### ASSIGNED TASK
Where a line in the records below contains the string "cases", tally it; give only the final number.

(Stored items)
+--
(* Let $\alpha>2$ and $V(x)=|x|^\alpha/\alpha$. There exists a constant $\tilde C_\alpha>0$ depending only on $\alpha$ such that for every integer $n\ge1$, $$\lambda_n(-L)\ \ge\ \tilde C_\alpha\, n^{2(\alpha-1)/\alpha}.$$
   Context: $V(x)=|x|^\alpha/\alpha$, $\mu$ the probability measure with density proportional to $e^{-V}$, $Lf=f''-V'f'$ self-adjoint in $L^2(\mu)$ (unique extension from $C_0^\infty(\mathbb R)$); its spectrum is discrete, and $\lambda_n(-L)$ is the $(n+1)$-th eigenvalue in increasing order ($\lambda_0(-L)=0$), equivalently the max-min value $\sup_{g_0,\dots,g_{n-1}\in L^2(\mu)}\inf_{f\in D(-L)\setminus\{0\},\,f\perp_\mu g_i}\frac{\int f(-Lf)\,d\mu}{\int f^2d\mu}$. *)

theory Defs
  imports "HOL-Analysis.Analysis"
begin

definition V :: "real \<Rightarrow> real \<Rightarrow> real" where
  "V \<alpha> x = \<bar>x\<bar> powr \<alpha> / \<alpha>"

definition Zc :: "real \<Rightarrow> real" where
  "Zc \<alpha> = integral\<^sup>L lborel (\<lambda>x. exp (- V \<alpha> x))"

definition mu :: "real \<Rightarrow> real measure" where
  "mu \<alpha> = density lborel (\<lambda>x. ennreal (exp (- V \<alpha> x) / Zc \<alpha>))"

definition L2 :: "real \<Rightarrow> (real \<Rightarrow> real) set" where
  "L2 \<alpha> = {g. g \<in> borel_measurable borel \<and> integrable (mu \<alpha>) (\<lambda>x. (g x)^2)}"

text \<open>Graph of the self-adjoint operator L f = f'' - V' f' on its domain D(-L):
  the unique self-adjoint extension from C_0^infinity is the maximal operator, whose domain
  consists of f in L^2(mu) with f, f' locally absolutely continuous and f'' - V' f' in L^2(mu).\<close>
definition graphL :: "real \<Rightarrow> ((real \<Rightarrow> real) \<times> (real \<Rightarrow> real)) set" where
  "graphL \<alpha> = {(f, h). \<exists>f1 f2.
      (\<forall>x. (f has_real_derivative f1 x) (at x)) \<and>
      f2 \<in> borel_measurable borel \<and>
      (\<forall>a b. a \<le> b \<longrightarrow> f2 absolutely_integrable_on {a..b} \<and>
                       (f2 has_integral (f1 b - f1 a)) {a..b}) \<and>
      (\<forall>x. h x = f2 x - deriv (V \<alpha>) x * f1 x) \<and>
      f \<in> L2 \<alpha> \<and> h \<in> L2 \<alpha>}"

text \<open>lambda_n(-L) via the max-min characterisation (extended reals to avoid junk values).\<close>
definition lambdaL :: "real \<Rightarrow> nat \<Rightarrow> ereal" where
  "lambdaL \<alpha> n =
     (SUP g \<in> {g :: nat \<Rightarrow> real \<Rightarrow> real. \<forall>i<n. g i \<in> L2 \<alpha>}.
        INF fh \<in> {(f, h). (f, h) \<in> graphL \<alpha> \<and>
                         integral\<^sup>L (mu \<alpha>) (\<lambda>x. (f x)^2) \<noteq> 0 \<and>
                         (\<forall>i<n. integral\<^sup>L (mu \<alpha>) (\<lambda>x. f x * g i x) = 0)}.
          ereal (integral\<^sup>L (mu \<alpha>) (\<lambda>x. fst fh x * (- snd fh x))
                 / integral\<^sup>L (mu \<alpha>) (\<lambda>x. (fst fh x)^2)))"

end

theory Submission
  imports Defs "HOL-Real_Asymp.Real_Asymp"
begin

text \<open>Test against the indicators of the \<open>n\<close> cells of length \<open>2R/n\<close> that partition \<open>[-R, R]\<close>,
  where \<open>R = (4 \<alpha> n)\<^bsup>1/\<alpha>\<^esup>\<close>. If \<open>f\<close> is orthogonal to them, \<open>f \<rho>\<close> has mean zero on every cell
  (\<open>\<rho> = e\<^bsup>-V\<^esup>\<close>); as \<open>\<rho>\<close> varies by a factor at most \<open>e\<^bsup>8\<alpha>\<^esup>\<close> on a cell, a Poincar\'e inequality on each
  cell gives \<open>\<integral>\<^bsub>[-R,R]\<^esub> f\<^sup>2 \<rho> \<lesssim> (R/n)\<^sup>2 \<integral> f'\<^sup>2 \<rho>\<close>. Outside \<open>[-R, R]\<close> the ground-state potential
  \<open>W = V'\<^sup>2/4 - V''/2 \<gtrsim> R\<^bsup>2\<alpha>-2\<^esup>\<close> controls \<open>f\<^sup>2\<close>, because \<open>\<integral> f\<^sup>2 W \<rho> \<le> \<integral> f'\<^sup>2 \<rho>\<close>. Both scales agree,
  so \<open>\<integral> f\<^sup>2 \<rho> \<lesssim> R\<^bsup>2-2\<alpha>\<^esup> \<integral> f'\<^sup>2 \<rho> = R\<^bsup>2-2\<alpha>\<^esup> \<integral> f (-L f) \<rho>\<close> with \<open>R\<^bsup>2\<alpha>-2\<^esup> \<approx> n\<^bsup>2(\<alpha>-1)/\<alpha>\<^esup>\<close>; the boundary
  terms of this integration by parts vanish along suitable sequences of endpoints because
  \<open>\<rho>(y + 2) / \<rho>(y)\<^sup>2 \<rightarrow> \<infinity>\<close> for \<open>\<alpha> > 2\<close>. The max-min characterisation then bounds \<open>\<lambda>\<^sub>n\<close> from below.\<close>

section \<open>Elementary real analysis on intervals\<close>

lemma le_of_le_add_epsilon_mult:
  fixes x y C :: real
  assumes "\<And>e. e > 0 \<Longrightarrow> x \<le> y + e * C"
  shows "x \<le> y"
proof (rule field_le_epsilon)
  fix e :: real assume "e > 0"
  hence "x \<le> y + (e / (\<bar>C\<bar> + 1)) * C" by (intro assms) auto
  also have "(e / (\<bar>C\<bar> + 1)) * C \<le> (e / (\<bar>C\<bar> + 1)) * (\<bar>C\<bar> + 1)"
    using \<open>e > 0\<close> by (intro mult_left_mono) auto
  also have "\<dots> = e" by simp
  finally show "x \<le> y + e" by simp
qed

lemma abs_diff_le_of_local_abs_diff_le:
  fixes H K :: "real \<Rightarrow> real"
  assumes ab: "a \<le> b" and d: "d > 0"
    and local: "\<And>x y. a \<le> x \<Longrightarrow> x \<le> y \<Longrightarrow> y \<le> b \<Longrightarrow> y - x < d \<Longrightarrow> \<bar>H y - H x\<bar> \<le> K y - K x"
  shows "\<bar>H b - H a\<bar> \<le> K b - K a"
proof -
  obtain N :: nat where N: "real N > (b - a) / d" using reals_Archimedean2 by blast
  hence N0: "N > 0" using ab d by (cases N) (auto simp: field_simps)
  define x where "x k = a + real k * (b - a) / real N" for k
  have x0: "x 0 = a" and xN: "x N = b" using N0 by (auto simp: x_def)
  have step: "x (Suc k) - x k = (b - a) / real N" for k
    using N0 by (simp add: x_def field_simps)
  have "(b - a) / real N < d" using N N0 d by (simp add: field_simps mult.commute)
  moreover have "0 \<le> (b - a) / real N" using ab by simp
  moreover have "a \<le> x k" "x (Suc k) \<le> b" if "k < N" for k
  proof -
    have "real (Suc k) * (b - a) \<le> real N * (b - a)"
      using that ab by (intro mult_right_mono) auto
    moreover have "0 \<le> real k * (b - a)" using ab by simp
    ultimately show "a \<le> x k" "x (Suc k) \<le> b" using N0 by (auto simp: x_def field_simps)
  qed
  ultimately have "\<bar>H (x (Suc k)) - H (x k)\<bar> \<le> K (x (Suc k)) - K (x k)" if "k < N" for k
    using that step[of k] by (intro local) auto
  hence "\<bar>\<Sum>k<N. H (x (Suc k)) - H (x k)\<bar> \<le> (\<Sum>k<N. K (x (Suc k)) - K (x k))"
    by (intro order_trans[OF sum_abs sum_mono]) auto
  thus ?thesis
    using sum_lessThan_telescope[of "\<lambda>k. H (x k)" N] sum_lessThan_telescope[of "\<lambda>k. K (x k)" N]
    by (simp add: x0 xN)
qed

lemma has_integral_integral_diff:
  fixes f :: "real \<Rightarrow> real"
  assumes "f integrable_on {a..b}" "a \<le> x" "x \<le> y" "y \<le> b"
  shows "(f has_integral (integral {a..y} f - integral {a..x} f)) {x..y}"
proof -
  have "f integrable_on {a..y}" "f integrable_on {x..y}"
    using assms by (auto intro: integrable_on_subinterval[OF assms(1)])
  thus ?thesis
    using Henstock_Kurzweil_Integration.integral_combine[OF assms(2,3)]
    by (metis add_diff_cancel_left' has_integral_integral)
qed
lemma attach_subset_attach_iff:
  assumes "A \<in> F" "B \<in> F" "A \<noteq> {c}"
  shows "attach P c A \<subseteq> attach P c B \<longleftrightarrow> A \<subseteq> B"
proof -
  have "c \<notin> A" using c_isolated assms(1,3) by blast
  then show ?thesis using subset_attach attach_subset_insert attach_mono by blast
qed

lemma attach_eq_singleton: "B \<in> F \<Longrightarrow> attach P c B = {c} \<Longrightarrow> B = {c}"
  using attach_contains_c subset_attach P_not_singleton by (metis insertI1 subset_trans)

lemma inj_on_attach: "inj_on (attach P c) F"
proof
  fix A B assume AB: "A \<in> F" "B \<in> F" "attach P c A = attach P c B"
  show "A = B"
  proof (cases "A = {c} \<or> B = {c}")
    case True
    then have "attach P c A = {c}" "attach P c B = {c}" using AB(3) attach_singleton by metis+
    then show ?thesis using attach_eq_singleton[OF AB(1)] attach_eq_singleton[OF AB(2)] by simp
  next
    case False
    then show ?thesis using AB attach_subset_attach_iff by (metis subset_antisym subset_refl)
  qed
qed

lemma attach_psubset_attach_iff:
  assumes "A \<in> F" "B \<in> F" "A \<noteq> {c}"
  shows "attach P c A \<subset> attach P c B \<longleftrightarrow> A \<subset> B"
  using attach_subset_attach_iff[OF assms] inj_onD[OF inj_on_attach] assms(1,2) by blast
+--
### EXERCISE SOLUTION
2